# Harry Potter SUCKED ~X(



## krates (Jul 19, 2009)

Just back from movie 

Dumbest Harry Potter Part 

DON'T WASTE YOUR MONEY IN THIS PART ..

Download the movie better

and go and watch TRANSFORMERS 2 great action movie and much more entertaining too 

I am so annoyed will post review of the movie after some time..

Caution don't waste your money in this movie ~x(


----------



## Rural Terror (Jul 19, 2009)

krates said:


> J and go and watch TRANSFORMERS 2 best action movie


----------



## vamsi_krishna (Jul 19, 2009)

ico you are a kid.. you don't know any thing.

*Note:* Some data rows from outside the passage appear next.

(* Let $S$ be a finite set, let $\sigma\in\mathrm{Perm}(S)$, and let $\tau,\tau'\in\mathrm{Perm}(S)$ have disjoint supports. Then: (1) $(\sigma\setminus\tau)^{-1}=\sigma^{-1}\setminus\tau^{-1}$; (2) $(\sigma\setminus\tau)\setminus\tau'=\sigma\setminus(\tau\tau')=(\sigma\setminus\tau')\setminus\tau$; (3) two elements $(i,k),(i',k')\in\{0,1\}\times(S\setminus\mathrm{supp}(\tau))$ lie in the same cycle of $\tau'\tau\bowtie\sigma$ if and only if they lie in the same cycle of $\tau'\bowtie(\sigma\setminus\tau)$ (where $\tau'$ is regarded as a permutation of $S\setminus\mathrm{supp}(\tau)$, which it preserves).
   Context: $\mathrm{Perm}(S)$ denotes permutations of $S$ and $\mathrm{supp}(\sigma)=\{k:\sigma(k)\neq k\}$. For $\sigma,\tau\in\mathrm{Perm}(S)$, $\sigma\setminus\tau\in\mathrm{Perm}(S\setminus\mathrm{supp}(\tau))$ is defined by $(\sigma\setminus\tau)(k)=(\tau\sigma)^{r(k)}(k)$, where $r(k)\ge1$ is the smallest integer with $(\tau\sigma)^{r(k)}(k)\notin\mathrm{supp}(\tau)$. For $\pi,\sigma\in\mathrm{Perm}(S)$, $\pi\bowtie\sigma\in\mathrm{Perm}(\{0,1\}\times S)$ is given by $(0,k)\mapsto(1,\sigma(k))$ and $(1,k)\mapsto(0,\pi(k))$. *)

theory Defs
  imports "HOL-Combinatorics.Permutations"
begin

definition supp :: "('a \<Rightarrow> 'a) \<Rightarrow> 'a set" where
  "supp \<sigma> = {k. \<sigma> k \<noteq> k}"

text \<open>sigma minus tau, a permutation of S - supp tau, extended by the identity
  (on supp tau and outside S).  Composition tau sigma means tau after sigma.\<close>
definition perm_minus :: "('a \<Rightarrow> 'a) \<Rightarrow> ('a \<Rightarrow> 'a) \<Rightarrow> ('a \<Rightarrow> 'a)" where
  "perm_minus \<sigma> \<tau> k =
     (if k \<in> supp \<tau> then k
      else ((\<tau> \<circ> \<sigma>) ^^ (LEAST r. r \<ge> 1 \<and> ((\<tau> \<circ> \<sigma>) ^^ r) k \<notin> supp \<tau>)) k)"

text \<open>pi bowtie sigma on {0,1} x S, with 0 encoded as False and 1 as True:
  (0,k) -> (1, sigma k), (1,k) -> (0, pi k).\<close>
definition bowtie :: "('a \<Rightarrow> 'a) \<Rightarrow> ('a \<Rightarrow> 'a) \<Rightarrow> (bool \<times> 'a \<Rightarrow> bool \<times> 'a)" where
  "bowtie \<pi> \<sigma> = (\<lambda>(i, k). if i then (False, \<pi> k) else (True, \<sigma> k))"

definition same_cycle :: "('b \<Rightarrow> 'b) \<Rightarrow> 'b \<Rightarrow> 'b \<Rightarrow> bool" where
  "same_cycle f x y \<longleftrightarrow> (\<exists>n. (f ^^ n) x = y)"

end

theory Submission
  imports Defs "HOL-Combinatorics.Cycles"
begin

(* sigma \ tau is the first-return map of tau sigma to the complement of supp tau.  All three
   claims are properties of first-return (induced) maps of permutations: inducing commutes with
   inversion and with conjugation by a map fixing the target set, inducing on A and then on B is
   inducing on A \<inter> B, and two points of A share a cycle of h iff they share a cycle of the induced
   map.  For (3), the first return of tau' tau \<bowtie> sigma to {0,1} \<times> (S - supp tau) is
   exactly tau' \<bowtie> (sigma \ tau). *)

(* If the orbit of x never returns to A, LEAST yields an unspecified exponent; for permutations
   every orbit returns. *)
definition induced_map :: "('a \<Rightarrow> 'a) \<Rightarrow> 'a set \<Rightarrow> 'a \<Rightarrow> 'a" where
  "induced_map h A x = (if x \<in> A then (h ^^ (LEAST r. r \<ge> 1 \<and> (h ^^ r) x \<in> A)) x else x)"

HP su(ked some big balls. 

I went to hall thinking that i might see a movie like Sorcerer's Stone or Prisoner of Azkaban. Damn, it ruined all my expectations.


----------



## Kl@w-24 (Jul 19, 2009)

vamsikrishna919 said:


> I went to hall thinking that i might see a movie like Soccer's stone or Prisoner of Azkaban. Damn, it ruined all my expectations.



WTF is Soccer's stone?


----------



## vamsi_krishna (Jul 19, 2009)

^my bad, got messed up. Damn typo....


----------



## utsav (Jul 19, 2009)

Kl@w-24 said:


> WTF is Soccer's stone?



playing soccer wid stone = soccer stone  


@krates 

i knew that the threadstarter must be u coz its me who taught u using that ~x( smiley so much


----------



## Rural Terror (Jul 19, 2009)

vamsikrishna919 said:


> I went to hall thinking that i might see a movie like *Soccer's stone*





vamsikrishna919 said:


> ico you are a kid.. you don't know any thing.


----------



## krates (Jul 19, 2009)

Rural Terror said:


>



??

@utsav  you got me addicted to that smiley


----------



## Rural Terror (Jul 19, 2009)

vamsi deserves a "n00b of the Week" award for his Soccer's stone 



vamsikrishna919 said:


> ^my bad, *god messed up*. Damn typo....


 how?


----------



## vamsi_krishna (Jul 19, 2009)

ico, you jackass....! Shut up.!!! And stop posting that freaking smilies. Tu m00nga ho..?


----------



## dOm1naTOr (Jul 19, 2009)

there is no point in arguing after wasting money. I already knew it, so kept off from the movie.
[actually thnx to the heavy rainfall and floods at Kerala]


----------



## damngoodman999 (Jul 19, 2009)

Stupid movie ! 

Harry potter 

Transformers 2 is better than Terminator SALVATION 

Terminator salvation is Much much better than HP-HBP


----------



## Aspire (Jul 19, 2009)

vamsikrishna919 said:


> ico you are a kid.. you don't know any thing.
> 
> HP su(ked some big balls.
> 
> I went to hall thinking that i might see a movie like Soccer's stone or Prisoner of Azkaban. Damn, it ruined all my expectations.



Soccer's???

Surely you mean Harry Potter and the Sorcerer's Stone (2001). 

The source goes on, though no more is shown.